And if I just zoom out a little bit, if I could, Mike—when we zoom out into that grayscale area, we're developing flexibility of thought, which is so important in all aspects of our lives. We need to be nimble on our feet, we need to be ready for what's coming. And it might not be black or white, it might actually be a little bit of both. 

So that's the power of the routine and its roots come in exploring executive functioning and language acquisition. And so we just layer that on top of mathematics and it's pure gold.

Mike: When we were preparing for this podcast, you shared several really lovely examples of how an educator might use same but different to draw out ideas that involve things like place value, geometry, equivalent fractions, and that's just a few. So I'm wondering if you might share a few examples from different grade levels with our listeners, perhaps at some different grade levels.

Sue: Sure. So starting out, we can start with place value. It really sort of pops when we look in that topic area.

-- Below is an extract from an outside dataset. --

(* rATL is strictly more expressive than rCTL, in the following sense: (i) for every rCTL formula $\varphi$ there is an rATL formula $\varphi^\star$ such that $V(s,\varphi^\star)=V_{rCTL}(s,\varphi)$ for every Kripke structure $\mathcal{K}$ and every state $s$ of $\mathcal{K}$ (with $\varphi^\star$ evaluated in $\mathcal{S}_\mathcal{K}$); and (ii) there exists an rATL formula $\psi$ such that for no rCTL formula $\chi$ it holds that $V(s,\psi)=V_{rCTL}(s,\chi)$ for every concurrent game structure $\mathcal{S}$ and every state $s$ of $\mathcal{S}$, where $V_{rCTL}$ on a concurrent game structure is evaluated in its underlying Kripke structure.
   Context: Fix a finite set $\mathrm{AP}$ of atomic propositions. A concurrent game structure (CGS) is a tuple $\mathcal{S}=(St,Ag,Ac,\delta,\ell)$ where $St$ is a finite set of states, $Ag$ a finite set of agents, $Ac$ a finite set of actions, $\ell:St\to 2^{\mathrm{AP}}$ a labeling, and $\delta:St\times AV\to St$ a transition function, where $AV$ is the set of action vectors for $Ag$ (an action vector for $A\subseteq Ag$ is a map $A\to Ac$). A state $s'$ is a successor of $s$ if $s'=\delta(s,v)$ for some $v\in AV$. A path is an infinite sequence $\pi=s_0s_1s_2\cdots$ of states with $s_{n+1}$ a successor of $s_n$ for all $n$; write $\pi[n]=s_n$. A strategy for an agent is a function $f:St^+\to Ac$. For $A\subseteq Ag$ and a set $F_A=\{f_a\mid a\in A\}$ of strategies, one for each agent in $A$, $out(s,F_A)$ is the set of paths $s_0s_1\cdots$ with $s_0=s$ such that for every $n\ge 0$ there is $v\in AV$ with $v(a)=f_a(s_0\cdots s_n)$ for all $a\in A$ and $s_{n+1}=\delta(s_n,v)$. $\mathbb{B}_4=\{1111,0111,0011,0001,0000\}$ is totally ordered by $1111\succ0111\succ0011\succ0001\succ0000$; for $b=b_1b_2b_3b_4\in\mathbb{B}_4$ and $k\in\{1,2,3,4\}$, $b[k]=b_k$; max and min on $\mathbb{B}_4$ refer to this order, and on bits to $0<1$. rATL formulas: state formulas $\varphi ::= p \mid \neg\varphi\mid\varphi\vee\varphi\mid\varphi\wedge\varphi\mid\varphi\to\varphi\mid\langle\!\langle A\rangle\!\rangle\Phi\mid[\![A]\!]\Phi$ and path formulas $\Phi::=\dot{\bigcirc}\varphi\mid\dot\Diamond\varphi\mid\dot\Box\varphi$, with $p\in\mathrm{AP}$ and $A$ a set of agents; an rATL formula is a state formula. On a CGS the valuation $V$ maps (state, state formula) and (path, path formula) pairs to $\mathbb{B}_4$: $V(s,p)=1111$ if $p\in\ell(s)$ and $0000$ otherwise; $V(s,\varphi_1\vee\varphi_2)=\max(V(s,\varphi_1),V(s,\varphi_2))$; $V(s,\varphi_1\wedge\varphi_2)=\min(V(s,\varphi_1),V(s,\varphi_2))$; $V(s,\neg\varphi)=0000$ if $V(s,\varphi)=1111$ and $1111$ otherwise; $V(s,\varphi_1\to\varphi_2)=1111$ if $V(s,\varphi_1)\preceq V(s,\varphi_2)$ and $V(s,\varphi_2)$ otherwise; $V(s,\langle\!\langle A\rangle\!\rangle\Phi)$ is the maximal $b\in\mathbb{B}_4$ such that there is a set $F_A$ of strategies (one per agent in $A$) with $V(\pi,\Phi)\succeq b$ for all $\pi\in out(s,F_A)$; $V(s,[\![A]\!]\Phi)$ is the maximal $b\in\mathbb{B}_4$ such that for every such $F_A$ there is $\pi\in out(s,F_A)$ with $V(\pi,\Phi)\succeq b$. For paths: $V(\pi,\dot\bigcirc\varphi)[k]=V(\pi[1],\varphi)[k]$; $V(\pi,\dot\Diamond\varphi)[k]=\max_{i\ge0}V(\pi[i],\varphi)[k]$; $V(\pi,\dot\Box\varphi)=b_1b_2b_3b_4$ with $b_1=\min_{i\ge0}V(\pi[i],\varphi)[1]$, $b_2=\max_{i\ge0}\min_{j\ge i}V(\pi[j],\varphi)[2]$, $b_3=\min_{i\ge0}\max_{j\ge i}V(\pi[j],\varphi)[3]$, $b_4=\max_{i\ge0}V(\pi[i],\varphi)[4]$. A Kripke structure is $\mathcal{K}=(S,I,R,L)$ with finite state set $S$, initial states $I\subseteq S$, transition relation $R\subseteq S\times S$ such that every state has an $R$-successor, and labeling $L:S\to2^{\mathrm{AP}}$; a path is an infinite sequence $s_0s_1\cdots$ with $(s_i,s_{i+1})\in R$; $\mathit{paths}(s)$ is the set of paths starting in $s$. rCTL formulas: state formulas $\varphi::=p\mid\neg\varphi\mid\varphi\vee\varphi\mid\varphi\wedge\varphi\mid\varphi\to\varphi\mid\exists\Phi\mid\forall\Phi$, path formulas $\Phi::=\dot\bigcirc\varphi\mid\dot\Diamond\varphi\mid\dot\Box\varphi$. The valuation $V_{rCTL}$ is defined exactly as $V$ above for atomic propositions, Boolean connectives and $\dot\bigcirc,\dot\Diamond,\dot\Box$ (with $L$ in place of $\ell$), and $V_{rCTL}(s,\exists\Phi)=\max_{\pi\in\mathit{paths}(s)}V_{rCTL}(\pi,\Phi)$, $V_{rCTL}(s,\forall\Phi)=\min_{\pi\in\mathit{paths}(s)}V_{rCTL}(\pi,\Phi)$. The underlying Kripke structure of a CGS $\mathcal{S}$ has the same states and labeling, with $R=\{(s,s')\mid s'\text{ is a successor of }s\}$. The CGS associated with $\mathcal{K}$ is $\mathcal{S}_\mathcal{K}=(S,\{a\},S,\delta,L)$ with a single agent $a$, actions $S$, and $\delta(s,s')=s'$ if $(s,s')\in R$, and $\delta(s,s')=s''$ for some fixed $s''$ with $(s,s'')\in R$ otherwise (action vectors for $\{a\}$ are identified with actions). *)

theory Defs
  imports Main "HOL-Library.FuncSet"
begin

So when we think about place value, we have a base ten number system, and our numbers are based on this idea that 10 of one makes one group of the next. And so, using same but different, we can help young learners make sense of that system. 

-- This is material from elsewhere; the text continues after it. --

(* (1) The region $\mathcal R(D_x,D_z)$ is convex. (2) The region $\mathcal R(D_x,D_z)$ is unchanged if, in its definition, the auxiliary alphabets are restricted to satisfy $|\mathcal U|\le|\mathcal Y|+4$, $|\mathcal V|\le|\mathcal Z||\mathcal U|+3$, $|\mathcal W|\le|\mathcal U||\mathcal V||\mathcal X|+1$.
   Context: Let $\mathcal X,\mathcal Y,\mathcal Z$ be finite alphabets and $(X,Y,Z)\sim p(x,y,z)=p(x,y)p(z|x)$ (so $Y-X-Z$ is Markov). Let $\hat{\mathcal X},\hat{\mathcal Z}$ be finite alphabets and $d_x:\mathcal X\times\hat{\mathcal X}\to[0,\infty)$, $d_z:\mathcal Z\times\hat{\mathcal Z}\to[0,\infty)$. $\mathcal R(D_x,D_z)$ is the set of all rate triples $(R_1,R_2,R_3)$ such that $R_1\ge I(Y;U|Z)$, $R_2\ge I(Z;V|U,X)$, $R_3\ge I(X;W|U,V,Z)$ for some finite-alphabet random variables $U\in\mathcal U,V\in\mathcal V,W\in\mathcal W$ with joint distribution $p(x,y,z,u,v,w)=p(x,y)p(z|x)p(u|y)p(v|u,z)p(w|u,v,x)$ and deterministic functions $\hat X(U,W,Z)$, $\hat Z(U,V,X)$ with $\mathbb E\, d_x(X,\hat X(U,W,Z))\le D_x$ and $\mathbb E\, d_z(Z,\hat Z(U,V,X))\le D_z$. *)

theory Defs
  imports "HOL-Analysis.Analysis"
begin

So, for example, we could look at an image that shows a 10-stick. So maybe that's made out of Unifix cubes. There's one 10-stick a—stick of 10—with three extras next to it and next to that are 13 separate cubes. And then we ask, “How are they the same but different?” And so helping children develop that idea that while I have 1 ten in that collection, I also have 10 ones.

Mike: That is so amazing because I will say as a former kindergarten and first grade teacher, that notion of something being a unit of 1 composed of smaller units is such a big deal. And we can talk about that so much, but the way that I can visualize this in my mind with the stick of 10 and the 3, and then the 13 individuals—what jumps out is that it invites the students to notice that as opposed to me as the teacher feeling like I need to offer some kind of perfect description that suddenly the light bulb goes off for kids. Does that make sense?

Sue: It does. And I love that description of it. So what we do is we invite the students to add their own understanding and their own language around a pretty complex idea. And they're invited in because it seems so simple: “How are these the same but different?” “What do you notice?” And so it's a pretty complex idea, and we gloss over it. Sometimes we think our students understand that and they really don't.

Mike: Is there another example that you want to share?

Sue: Yeah, I love the fraction example. So equivalence—when I learned about this routine, the first thing that came to mind for me when I layered it from thinking about language into mathematics was, “Oh my gosh, it's equivalent fractions.” 

So if I were to ask listeners to think about—put a picture in your head of one-half, and imagine in your mind's eye what that looks like. And then if I said to you, “OK, well now I want you to imagine two-fourths. What does that look like?” And chances are those pictures are not the same. 

Mike, when you imagine, did you picture the same thing or did you picture different things?

Mike: They were actually fairly different.

Sue: Yeah. So when we think about one-half as two fourths, and we tell kids those are the same—yes and no, right? They have the same value that, if we were looking at a collection of M&M’S or Skittles or something, maybe half of them are green, and if we make four groups, [then] two-fourths are green.

But contextually it could really vary. And so helping children make sense of equivalence is a perfect example of how we can ask the question, same but different. So we just show two pictures. One picture is one-half and one picture is two-fourths, and we use the same colors, the same shapes, sort of the same topic, but we group them a little differently and we have that conversation with kids to help make sense of equivalence.

Mike: So I want to shift because we've spent a fair amount of time right now describing two instances where you could take a concept like equivalent fractions or place value and you could design a set of images within the same but different routine and do some work around that. 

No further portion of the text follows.